For many years Moncrieff was said by his colleagues to have existed on a diet of draught Guinness. A group of MPs presented him with a framed share in the company to acknowledge his contribution to its profitability.

There were even rumours that a supply was smuggled into Saudi Arabia during a visit.

But in 1983, in a Road to Damascus conversion, he switched to lemonade and food.

His explanation was that to enliven a Labour Party conference in Blackpool he popped into a clairvoyants’ gathering for a reading of new leader Neil Kinnock’s future.

‘Madame Fifi looked at me and said: ”I’ll tell you this for nothing – if you don’t give up drink you’ll be dead within a year”,’ was his version.

It was probably the one time in his life Moncrieff took medical advice.

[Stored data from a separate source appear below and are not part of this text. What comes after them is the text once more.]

(* If a complete theory $T$ is convexly orderable, then $T$ is dp-small.
   Context: Let $T$ be a complete theory in a language $L$ with monster model $\mathcal{U}$; $\mathcal{U}_y$ denotes the $|y|$-tuples from $\mathcal{U}$, and $x$ denotes a single variable. An $L$-structure $M$ is convexly orderable if there is a linear order $\lhd$ on $M$ (not necessarily definable) such that for every $L$-formula $\varphi(x;y)$ there is $K_\varphi<\omega$ with $\varphi(M;b)$ a union of at most $K_\varphi$ $\lhd$-convex subsets of $M$ for every $b\in M_y$; $T$ is convexly orderable if some (equivalently every) model of $T$ is. A partial type $\pi(x)$ is dp-small if there do not exist $L(\mathcal{U})$-formulas $\varphi_i(x)$ ($i<\omega$), an $L$-formula $\psi(x;y)$ and $b_j\in\mathcal{U}_y$ ($j<\omega$) such that for all $i_0,j_0<\omega$ the type $\pi(x)\cup\{\varphi_{i_0}(x),\psi(x;b_{j_0})\}\cup\{\neg\varphi_i(x): i\ne i_0\}\cup\{\neg\psi(x;b_j): j\neq j_0\}$ is consistent. $T$ is dp-small if $x=x$ is dp-small. *)

theory Defs
  imports Main
begin

text \<open>A language L is given by arity maps fa (function symbols, constants have arity 0)
  and ra (relation symbols). Equality is a logical symbol. Variables are natural numbers.\<close>

datatype 'f trm = Var nat | Fn 'f "'f trm list"

datatype ('f, 'r) fm =
    Eq "'f trm" "'f trm"
  | Rl 'r "'f trm list"
  | Ng "('f, 'r) fm"
  | Cj "('f, 'r) fm" "('f, 'r) fm"
  | Ex nat "('f, 'r) fm"

fun wf_trm :: "('f \<Rightarrow> nat) \<Rightarrow> 'f trm \<Rightarrow> bool" where
  "wf_trm fa (Var n) = True"
| "wf_trm fa (Fn f ts) = (length ts = fa f \<and> (\<forall>t\<in>set ts. wf_trm fa t))"

fun wf_fm :: "('f \<Rightarrow> nat) \<Rightarrow> ('r \<Rightarrow> nat) \<Rightarrow> ('f, 'r) fm \<Rightarrow> bool" where
  "wf_fm fa ra (Eq s t) = (wf_trm fa s \<and> wf_trm fa t)"
| "wf_fm fa ra (Rl r ts) = (length ts = ra r \<and> (\<forall>t\<in>set ts. wf_trm fa t))"
| "wf_fm fa ra (Ng p) = wf_fm fa ra p"
| "wf_fm fa ra (Cj p q) = (wf_fm fa ra p \<and> wf_fm fa ra q)"
| "wf_fm fa ra (Ex n p) = wf_fm fa ra p"

fun fv_trm :: "'f trm \<Rightarrow> nat set" where
  "fv_trm (Var n) = {n}"
| "fv_trm (Fn f ts) = (\<Union>t\<in>set ts. fv_trm t)"

fun fv :: "('f, 'r) fm \<Rightarrow> nat set" where
  "fv (Eq s t) = fv_trm s \<union> fv_trm t"
| "fv (Rl r ts) = (\<Union>t\<in>set ts. fv_trm t)"
| "fv (Ng p) = fv p"
| "fv (Cj p q) = fv p \<union> fv q"
| "fv (Ex n p) = fv p - {n}"

definition sentence :: "('f \<Rightarrow> nat) \<Rightarrow> ('r \<Rightarrow> nat) \<Rightarrow> ('f, 'r) fm \<Rightarrow> bool" where
  "sentence fa ra \<sigma> \<longleftrightarrow> wf_fm fa ra \<sigma> \<and> fv \<sigma> = {}"

record ('a, 'f, 'r) struct =
  dom :: "'a set"
  fint :: "'f \<Rightarrow> 'a list \<Rightarrow> 'a"
  rint :: "'r \<Rightarrow> 'a list \<Rightarrow> bool"

definition is_struct :: "('f \<Rightarrow> nat) \<Rightarrow> ('a, 'f, 'r) struct \<Rightarrow> bool" where
  "is_struct fa M \<longleftrightarrow> dom M \<noteq> {} \<and>
     (\<forall>f as. length as = fa f \<and> set as \<subseteq> dom M \<longrightarrow> fint M f as \<in> dom M)"

fun eval :: "('a, 'f, 'r) struct \<Rightarrow> (nat \<Rightarrow> 'a) \<Rightarrow> 'f trm \<Rightarrow> 'a" where
  "eval M e (Var n) = e n"
| "eval M e (Fn f ts) = fint M f (map (eval M e) ts)"

fun sat :: "('a, 'f, 'r) struct \<Rightarrow> (nat \<Rightarrow> 'a) \<Rightarrow> ('f, 'r) fm \<Rightarrow> bool" where
  "sat M e (Eq s t) = (eval M e s = eval M e t)"
| "sat M e (Rl r ts) = rint M r (map (eval M e) ts)"
| "sat M e (Ng p) = (\<not> sat M e p)"
| "sat M e (Cj p q) = (sat M e p \<and> sat M e q)"
| "sat M e (Ex n p) = (\<exists>a\<in>dom M. sat M (e(n := a)) p)"

definition models :: "('f \<Rightarrow> nat) \<Rightarrow> ('r \<Rightarrow> nat) \<Rightarrow> ('a, 'f, 'r) struct \<Rightarrow> ('f, 'r) fm set \<Rightarrow> bool" where
  "models fa ra M T \<longleftrightarrow> is_struct fa M \<and>
     (\<forall>\<sigma>\<in>T. \<forall>e. (\<forall>n. e n \<in> dom M) \<longrightarrow> sat M e \<sigma>)"

text \<open>A complete theory: a set of L-sentences containing, for every L-sentence,
  either it or its negation (i.e. deductively closed and complete, like Th(M)).
  Its consistency is provided by the convex orderability hypothesis (which gives a model).\<close>

definition complete_theory :: "('f \<Rightarrow> nat) \<Rightarrow> ('r \<Rightarrow> nat) \<Rightarrow> ('f, 'r) fm set \<Rightarrow> bool" where
  "complete_theory fa ra T \<longleftrightarrow> (\<forall>\<sigma>\<in>T. sentence fa ra \<sigma>) \<and>
     (\<forall>\<sigma>. sentence fa ra \<sigma> \<longrightarrow> \<sigma> \<in> T \<or> Ng \<sigma> \<in> T)"

text \<open>Convention: in a formula phi(x;y) with |y| = n, the variable x is Var 0 and
  y = (Var 1, ..., Var n). The assignment sending x to a and y to the tuple bs:\<close>

definition asg :: "'a \<Rightarrow> 'a list \<Rightarrow> nat \<Rightarrow> 'a" where
  "asg a bs k = (if k = 0 then a else if k \<le> length bs then bs ! (k - 1) else a)"

definition defset :: "('a, 'f, 'r) struct \<Rightarrow> ('f, 'r) fm \<Rightarrow> 'a list \<Rightarrow> 'a set" where
  "defset M \<phi> bs = {a \<in> dom M. sat M (asg a bs) \<phi>}"

definition convex_in :: "('a, 'f, 'r) struct \<Rightarrow> ('a \<times> 'a) set \<Rightarrow> 'a set \<Rightarrow> bool" where
  "convex_in M r S \<longleftrightarrow> S \<subseteq> dom M \<and>
     (\<forall>a\<in>S. \<forall>c\<in>S. \<forall>d\<in>dom M. (a, d) \<in> r \<and> (d, c) \<in> r \<longrightarrow> d \<in> S)"

definition convexly_orderable :: "('f \<Rightarrow> nat) \<Rightarrow> ('r \<Rightarrow> nat) \<Rightarrow> ('a, 'f, 'r) struct \<Rightarrow> bool" where
  "convexly_orderable fa ra M \<longleftrightarrow>
     (\<exists>r. linear_order_on (dom M) r \<and>
       (\<forall>\<phi> n. wf_fm fa ra \<phi> \<and> fv \<phi> \<subseteq> {0..n} \<longrightarrow>
          (\<exists>K::nat. \<forall>bs. length bs = n \<and> set bs \<subseteq> dom M \<longrightarrow>
             (\<exists>C. finite C \<and> card C \<le> K \<and> (\<forall>S\<in>C. convex_in M r S) \<and>
                  \<Union>C = defset M \<phi> bs))))"

definition convexly_orderable_thy ::
  "('f \<Rightarrow> nat) \<Rightarrow> ('r \<Rightarrow> nat) \<Rightarrow> ('f, 'r) fm set \<Rightarrow> 'a itself \<Rightarrow> bool" where
  "convexly_orderable_thy fa ra T _ \<longleftrightarrow>
     (\<exists>M :: ('a, 'f, 'r) struct. models fa ra M T \<and> convexly_orderable fa ra M)"

text \<open>An L(N)-formula in the single free variable x is a pair (chi, c) with chi an
  L-formula whose free variables are among Var 0 (= x) and Var 1..Var |c| (the parameters c).
  A partial type over N is consistent iff it is finitely satisfiable in N
  (consistency with the elementary diagram of N, by compactness).\<close>

definition finsat :: "('a, 'f, 'r) struct \<Rightarrow> (('f, 'r) fm \<times> 'a list) set \<Rightarrow> bool" where
  "finsat N \<pi> \<longleftrightarrow> (\<forall>F \<subseteq> \<pi>. finite F \<longrightarrow>
     (\<exists>a\<in>dom N. \<forall>(\<chi>, c)\<in>F. sat N (asg a c) \<chi>))"

definition dp_pattern :: "('f \<Rightarrow> nat) \<Rightarrow> ('r \<Rightarrow> nat) \<Rightarrow> ('a, 'f, 'r) struct \<Rightarrow> bool" where
  "dp_pattern fa ra N \<longleftrightarrow>
     (\<exists>(\<phi>s :: nat \<Rightarrow> ('f, 'r) fm) (cs :: nat \<Rightarrow> 'a list) \<psi> n (bs :: nat \<Rightarrow> 'a list).
        (\<forall>i. wf_fm fa ra (\<phi>s i) \<and> fv (\<phi>s i) \<subseteq> {0..length (cs i)} \<and> set (cs i) \<subseteq> dom N) \<and>
        wf_fm fa ra \<psi> \<and> fv \<psi> \<subseteq> {0..n} \<and>
        (\<forall>j. length (bs j) = n \<and> set (bs j) \<subseteq> dom N) \<and>
        (\<forall>i0 j0. finsat N
            ({(\<phi>s i0, cs i0), (\<psi>, bs j0)}
             \<union> {(Ng (\<phi>s i), cs i) | i. i \<noteq> i0}
             \<union> {(Ng \<psi>, bs j) | j. j \<noteq> j0})))"

definition dp_small_thy ::
  "('f \<Rightarrow> nat) \<Rightarrow> ('r \<Rightarrow> nat) \<Rightarrow> ('f, 'r) fm set \<Rightarrow> 'b itself \<Rightarrow> bool" where
  "dp_small_thy fa ra T _ \<longleftrightarrow>
     (\<forall>N :: ('b, 'f, 'r) struct. models fa ra N T \<longrightarrow> \<not> dp_pattern fa ra N)"

end

theory Submission
  imports Defs "HOL-Library.Nat_Bijection"
begin

text \<open>
  Suppose a model \<open>N\<close> of \<open>T\<close> carries a dp-pattern with rows \<open>\<phi>\<^sub>i(x; c\<^sub>i)\<close> and columns
  \<open>\<psi>(x; b\<^sub>j)\<close>, and let \<open>M\<close> be a convexly ordered model of \<open>T\<close>, in which every instance of
  \<open>\<psi>\<close> is a union of at most \<open>K\<close> convex sets and every instance of \<open>\<phi>\<^sub>i\<close> one of at most
  \<open>K\<^sub>i\<close>. The fragment of the pattern with \<open>K + 1\<close> rows and one more column than
  \<open>K\<^sub>0 + \<dots> + K\<^sub>K\<close> is expressed by a single formula, true in \<open>N\<close> and hence, by completeness,
  satisfiable in \<open>M\<close>. In \<open>M\<close>, two of the \<open>K + 1\<close> points of a column lie in one convex piece
  of that column, so one of them sees, inside the piece, a larger point outside its own row.
  Label the column by that row \<open>i\<close> and the convex piece of \<open>\<phi>\<^sub>i\<close> containing the point: two
  columns with the same label would push a point of one column into the other, so the
  labelling is injective, which is impossible with only \<open>K\<^sub>0 + \<dots> + K\<^sub>K\<close> labels.
\<close>

fun ren_trm :: "(nat \<Rightarrow> nat) \<Rightarrow> 'f trm \<Rightarrow> 'f trm" where
  "ren_trm f (Var n) = Var (f n)"
| "ren_trm f (Fn g ts) = Fn g (map (ren_trm f) ts)"

fun ren :: "(nat \<Rightarrow> nat) \<Rightarrow> ('f, 'r) fm \<Rightarrow> ('f, 'r) fm" where
  "ren f (Eq s t) = Eq (ren_trm f s) (ren_trm f t)"
| "ren f (Rl r ts) = Rl r (map (ren_trm f) ts)"
| "ren f (Ng p) = Ng (ren f p)"
| "ren f (Cj p q) = Cj (ren f p) (ren f q)"
| "ren f (Ex n p) = Ex (f n) (ren f p)"

lemma eval_ren_trm: "eval M e (ren_trm f t) = eval M (e \<circ> f) t"
  by (induction t) (auto cong: map_cong)

lemma wf_trm_ren_trm [simp]: "wf_trm fa (ren_trm f t) = wf_trm fa t"
  by (induction t) auto

lemma wf_fm_ren [simp]: "wf_fm fa ra (ren f p) = wf_fm fa ra p"
  by (induction p) auto

lemma sat_ren:
  assumes "inj f"
  shows "sat M e (ren f p) = sat M (e \<circ> f) p"
proof (induction p arbitrary: e)
  case (Ex n p)
  have "e(f n := a) \<circ> f = (e \<circ> f)(n := a)" for a
    using assms by (auto simp: fun_eq_iff inj_eq)
  then have "sat M (e(f n := a)) (ren f p) = sat M ((e \<circ> f)(n := a)) p" for a
    using Ex.IH by metis
  then show ?case by (simp only: ren.simps sat.simps)
qed (auto simp: eval_ren_trm comp_def)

Other journalists regarded him with a mixture of affection, respect and even awe.

Invited to give the address at a memorial service in St Margaret’s, Westminster, for the political editor of The Sun, Moncrieff decided to tell anecdotes about the stories they had covered together.

Soon the congregation was roaring with laughter.

A group of Italian tourists, barred from entry because a memorial service was in progress, asked: ‘How can that be? Everyone is laughing.’  

David Chipp, the PA Editor-in-Chief who promoted him to political editor, said: ‘A great reporter.’

Despite his supposed retirement, Moncrieff, remained a familiar face at Westminster and in 2007 a new catering area was named after him. The then 75-year-old said he was ‘hugely honoured’ that the media bar and food area was to be called Moncrieff’s when it reopened after being refurbished.

He said he was ‘tickled pink’ at the prospect of seeing his name immortalised in the watering hole.